▸ How to complete this task: In the records that follow, show each line where the word "rule" is present.

▸ Supplied data:
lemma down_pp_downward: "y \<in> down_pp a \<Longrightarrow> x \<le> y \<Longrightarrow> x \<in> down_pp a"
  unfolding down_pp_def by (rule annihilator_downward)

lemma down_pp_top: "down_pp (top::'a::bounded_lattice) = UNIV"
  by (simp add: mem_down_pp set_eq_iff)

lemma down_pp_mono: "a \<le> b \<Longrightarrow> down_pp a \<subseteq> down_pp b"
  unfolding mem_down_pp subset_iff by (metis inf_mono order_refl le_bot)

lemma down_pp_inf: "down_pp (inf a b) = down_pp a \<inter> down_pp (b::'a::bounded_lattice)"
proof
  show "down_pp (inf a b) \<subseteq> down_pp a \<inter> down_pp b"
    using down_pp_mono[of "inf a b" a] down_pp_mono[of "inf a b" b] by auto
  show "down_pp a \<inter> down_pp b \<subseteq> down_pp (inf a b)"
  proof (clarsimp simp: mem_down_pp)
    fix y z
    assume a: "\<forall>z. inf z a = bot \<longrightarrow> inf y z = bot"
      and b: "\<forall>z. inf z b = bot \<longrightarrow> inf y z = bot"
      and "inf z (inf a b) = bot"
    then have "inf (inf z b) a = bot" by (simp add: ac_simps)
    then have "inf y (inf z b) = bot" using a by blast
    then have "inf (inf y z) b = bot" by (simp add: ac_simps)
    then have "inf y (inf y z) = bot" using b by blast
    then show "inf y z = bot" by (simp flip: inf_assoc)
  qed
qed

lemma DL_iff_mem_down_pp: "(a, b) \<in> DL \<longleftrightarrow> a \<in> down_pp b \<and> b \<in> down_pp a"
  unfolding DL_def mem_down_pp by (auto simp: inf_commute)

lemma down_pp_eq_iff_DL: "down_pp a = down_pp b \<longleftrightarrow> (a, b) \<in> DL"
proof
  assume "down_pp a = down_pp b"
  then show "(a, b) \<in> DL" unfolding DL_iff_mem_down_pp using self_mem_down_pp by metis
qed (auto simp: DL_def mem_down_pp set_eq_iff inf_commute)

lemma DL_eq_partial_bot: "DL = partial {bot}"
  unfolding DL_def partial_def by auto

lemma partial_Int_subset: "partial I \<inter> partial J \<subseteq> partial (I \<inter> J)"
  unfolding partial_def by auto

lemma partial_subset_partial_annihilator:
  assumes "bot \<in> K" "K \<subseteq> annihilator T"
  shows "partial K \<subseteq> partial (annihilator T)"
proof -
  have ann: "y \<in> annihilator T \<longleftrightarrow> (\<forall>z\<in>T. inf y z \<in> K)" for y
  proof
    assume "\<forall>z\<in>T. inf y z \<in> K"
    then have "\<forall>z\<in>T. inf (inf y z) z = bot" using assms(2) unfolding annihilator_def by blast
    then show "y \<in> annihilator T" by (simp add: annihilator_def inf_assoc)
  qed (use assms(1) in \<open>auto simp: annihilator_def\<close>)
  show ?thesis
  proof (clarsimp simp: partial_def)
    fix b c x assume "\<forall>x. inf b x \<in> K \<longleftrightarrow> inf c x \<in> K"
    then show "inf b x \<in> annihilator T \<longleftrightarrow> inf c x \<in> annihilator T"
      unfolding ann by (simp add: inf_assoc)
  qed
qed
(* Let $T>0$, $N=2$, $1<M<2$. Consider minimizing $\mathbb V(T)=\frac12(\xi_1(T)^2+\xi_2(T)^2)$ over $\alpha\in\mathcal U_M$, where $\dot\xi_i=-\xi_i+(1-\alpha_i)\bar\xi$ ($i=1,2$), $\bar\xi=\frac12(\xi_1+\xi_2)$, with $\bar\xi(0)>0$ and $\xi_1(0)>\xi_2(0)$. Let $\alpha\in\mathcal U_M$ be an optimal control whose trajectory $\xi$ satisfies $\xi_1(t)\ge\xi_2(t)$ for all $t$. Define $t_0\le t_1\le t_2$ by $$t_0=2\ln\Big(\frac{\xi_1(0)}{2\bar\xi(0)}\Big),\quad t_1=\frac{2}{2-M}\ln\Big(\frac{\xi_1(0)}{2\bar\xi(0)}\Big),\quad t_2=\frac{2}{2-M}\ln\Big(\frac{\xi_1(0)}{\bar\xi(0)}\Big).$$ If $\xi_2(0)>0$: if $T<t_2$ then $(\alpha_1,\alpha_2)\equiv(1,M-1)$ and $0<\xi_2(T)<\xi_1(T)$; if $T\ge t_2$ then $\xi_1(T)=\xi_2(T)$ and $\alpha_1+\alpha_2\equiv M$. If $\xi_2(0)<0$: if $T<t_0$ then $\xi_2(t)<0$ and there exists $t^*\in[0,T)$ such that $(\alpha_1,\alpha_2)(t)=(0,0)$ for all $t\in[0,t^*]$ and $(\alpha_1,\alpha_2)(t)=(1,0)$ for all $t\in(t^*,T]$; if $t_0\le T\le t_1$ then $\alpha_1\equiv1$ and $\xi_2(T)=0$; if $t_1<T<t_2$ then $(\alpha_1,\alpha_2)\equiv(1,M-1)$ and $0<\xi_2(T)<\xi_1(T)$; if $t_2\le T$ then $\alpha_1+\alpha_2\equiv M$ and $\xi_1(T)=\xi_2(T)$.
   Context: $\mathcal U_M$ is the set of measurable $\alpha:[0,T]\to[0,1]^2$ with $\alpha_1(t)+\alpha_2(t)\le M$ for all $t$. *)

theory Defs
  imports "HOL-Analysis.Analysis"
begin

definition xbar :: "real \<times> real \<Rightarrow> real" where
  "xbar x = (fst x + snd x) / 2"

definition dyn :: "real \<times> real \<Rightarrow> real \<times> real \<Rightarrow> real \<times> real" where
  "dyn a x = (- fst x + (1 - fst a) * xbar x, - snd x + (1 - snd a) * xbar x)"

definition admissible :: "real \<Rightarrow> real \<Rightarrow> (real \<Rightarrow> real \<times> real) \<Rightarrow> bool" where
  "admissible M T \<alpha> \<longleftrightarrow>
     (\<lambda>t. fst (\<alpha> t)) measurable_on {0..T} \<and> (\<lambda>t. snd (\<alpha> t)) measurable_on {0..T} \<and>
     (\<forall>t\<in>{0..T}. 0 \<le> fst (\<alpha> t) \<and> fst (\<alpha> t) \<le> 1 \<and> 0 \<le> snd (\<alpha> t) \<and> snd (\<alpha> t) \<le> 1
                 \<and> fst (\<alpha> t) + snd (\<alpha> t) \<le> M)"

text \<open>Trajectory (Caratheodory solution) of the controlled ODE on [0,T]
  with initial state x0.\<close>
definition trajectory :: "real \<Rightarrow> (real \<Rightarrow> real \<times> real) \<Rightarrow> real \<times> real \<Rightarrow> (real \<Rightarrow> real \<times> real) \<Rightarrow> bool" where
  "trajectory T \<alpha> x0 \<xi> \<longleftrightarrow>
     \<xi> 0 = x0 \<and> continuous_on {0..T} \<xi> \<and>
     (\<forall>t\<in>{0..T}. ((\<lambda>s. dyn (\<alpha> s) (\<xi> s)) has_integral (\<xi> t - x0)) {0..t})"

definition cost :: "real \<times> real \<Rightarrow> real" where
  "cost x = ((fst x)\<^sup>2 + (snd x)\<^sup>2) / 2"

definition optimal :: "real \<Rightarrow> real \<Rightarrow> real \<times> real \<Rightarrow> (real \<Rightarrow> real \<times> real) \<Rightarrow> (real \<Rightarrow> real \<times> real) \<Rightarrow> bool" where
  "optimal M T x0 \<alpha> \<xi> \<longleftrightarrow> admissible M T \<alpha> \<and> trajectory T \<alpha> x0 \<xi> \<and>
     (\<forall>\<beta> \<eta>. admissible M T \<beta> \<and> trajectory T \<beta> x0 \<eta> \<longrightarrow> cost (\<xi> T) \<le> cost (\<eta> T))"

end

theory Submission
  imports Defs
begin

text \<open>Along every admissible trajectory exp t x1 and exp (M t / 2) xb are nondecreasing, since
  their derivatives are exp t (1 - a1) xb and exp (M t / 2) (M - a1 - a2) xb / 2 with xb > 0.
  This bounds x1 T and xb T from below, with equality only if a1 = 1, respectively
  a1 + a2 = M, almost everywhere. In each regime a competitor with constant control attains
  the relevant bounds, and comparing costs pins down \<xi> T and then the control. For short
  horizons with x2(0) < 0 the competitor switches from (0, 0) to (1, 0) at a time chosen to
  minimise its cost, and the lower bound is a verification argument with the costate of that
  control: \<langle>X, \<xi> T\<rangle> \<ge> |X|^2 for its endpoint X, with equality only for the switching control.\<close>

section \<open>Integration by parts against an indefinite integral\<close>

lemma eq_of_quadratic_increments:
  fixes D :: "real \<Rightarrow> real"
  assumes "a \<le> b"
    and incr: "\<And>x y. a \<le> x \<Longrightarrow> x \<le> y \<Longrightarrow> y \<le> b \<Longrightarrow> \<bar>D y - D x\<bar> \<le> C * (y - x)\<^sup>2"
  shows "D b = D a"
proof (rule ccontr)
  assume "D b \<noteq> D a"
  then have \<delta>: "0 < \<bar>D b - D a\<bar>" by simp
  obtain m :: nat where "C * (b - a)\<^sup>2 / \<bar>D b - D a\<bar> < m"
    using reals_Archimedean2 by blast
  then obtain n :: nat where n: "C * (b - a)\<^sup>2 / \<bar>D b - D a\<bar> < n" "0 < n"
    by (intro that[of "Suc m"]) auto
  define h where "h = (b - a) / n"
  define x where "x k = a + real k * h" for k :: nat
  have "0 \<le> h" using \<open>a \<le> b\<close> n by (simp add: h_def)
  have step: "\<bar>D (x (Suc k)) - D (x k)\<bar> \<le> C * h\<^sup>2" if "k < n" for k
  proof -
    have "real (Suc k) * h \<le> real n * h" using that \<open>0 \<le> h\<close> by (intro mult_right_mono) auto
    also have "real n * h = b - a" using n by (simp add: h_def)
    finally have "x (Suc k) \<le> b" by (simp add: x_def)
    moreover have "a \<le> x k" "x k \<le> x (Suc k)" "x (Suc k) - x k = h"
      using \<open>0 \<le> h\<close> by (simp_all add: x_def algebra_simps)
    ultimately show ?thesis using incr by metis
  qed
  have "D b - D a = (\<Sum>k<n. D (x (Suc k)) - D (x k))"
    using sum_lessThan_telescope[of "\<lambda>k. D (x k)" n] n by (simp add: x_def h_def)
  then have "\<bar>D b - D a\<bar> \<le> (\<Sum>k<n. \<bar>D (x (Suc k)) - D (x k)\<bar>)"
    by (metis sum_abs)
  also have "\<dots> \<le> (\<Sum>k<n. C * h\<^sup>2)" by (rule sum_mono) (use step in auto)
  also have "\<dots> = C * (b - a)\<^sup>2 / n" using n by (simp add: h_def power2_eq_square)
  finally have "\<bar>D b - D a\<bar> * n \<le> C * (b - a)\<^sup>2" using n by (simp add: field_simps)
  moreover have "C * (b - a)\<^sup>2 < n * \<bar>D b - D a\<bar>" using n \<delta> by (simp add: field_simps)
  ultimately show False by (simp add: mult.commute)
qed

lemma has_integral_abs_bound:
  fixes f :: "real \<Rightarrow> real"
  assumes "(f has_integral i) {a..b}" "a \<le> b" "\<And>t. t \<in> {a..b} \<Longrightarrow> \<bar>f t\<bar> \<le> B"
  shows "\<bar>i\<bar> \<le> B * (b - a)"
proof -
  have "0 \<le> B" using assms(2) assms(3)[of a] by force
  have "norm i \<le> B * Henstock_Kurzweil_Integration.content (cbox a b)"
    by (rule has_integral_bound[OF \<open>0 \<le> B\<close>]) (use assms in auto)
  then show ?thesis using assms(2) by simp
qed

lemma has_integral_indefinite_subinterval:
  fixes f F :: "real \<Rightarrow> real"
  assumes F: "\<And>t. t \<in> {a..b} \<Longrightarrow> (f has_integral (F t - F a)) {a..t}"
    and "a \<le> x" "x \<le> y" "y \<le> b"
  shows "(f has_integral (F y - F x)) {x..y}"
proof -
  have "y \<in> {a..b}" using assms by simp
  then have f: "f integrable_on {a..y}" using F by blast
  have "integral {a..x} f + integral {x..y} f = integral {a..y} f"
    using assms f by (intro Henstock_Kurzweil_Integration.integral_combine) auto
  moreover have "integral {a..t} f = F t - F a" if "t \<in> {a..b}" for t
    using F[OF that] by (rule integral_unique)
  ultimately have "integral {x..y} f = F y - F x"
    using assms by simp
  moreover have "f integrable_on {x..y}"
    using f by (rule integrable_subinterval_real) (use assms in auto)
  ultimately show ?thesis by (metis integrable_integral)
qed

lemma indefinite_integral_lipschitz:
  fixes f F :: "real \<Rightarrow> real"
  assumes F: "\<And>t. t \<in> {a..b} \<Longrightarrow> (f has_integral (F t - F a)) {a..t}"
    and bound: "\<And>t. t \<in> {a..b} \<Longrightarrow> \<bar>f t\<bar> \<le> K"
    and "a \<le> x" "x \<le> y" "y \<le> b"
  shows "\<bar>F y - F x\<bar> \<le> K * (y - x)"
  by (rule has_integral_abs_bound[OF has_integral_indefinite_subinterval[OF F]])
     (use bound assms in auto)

▸ Finished exercise:
  unfolding down_pp_def by (rule annihilator_downward)
proof (rule ccontr)
  also have "\<dots> \<le> (\<Sum>k<n. C * h\<^sup>2)" by (rule sum_mono) (use step in auto)
    by (rule has_integral_bound[OF \<open>0 \<le> B\<close>]) (use assms in auto)
    using F[OF that] by (rule integral_unique)
    using f by (rule integrable_subinterval_real) (use assms in auto)
  by (rule has_integral_abs_bound[OF has_integral_indefinite_subinterval[OF F]])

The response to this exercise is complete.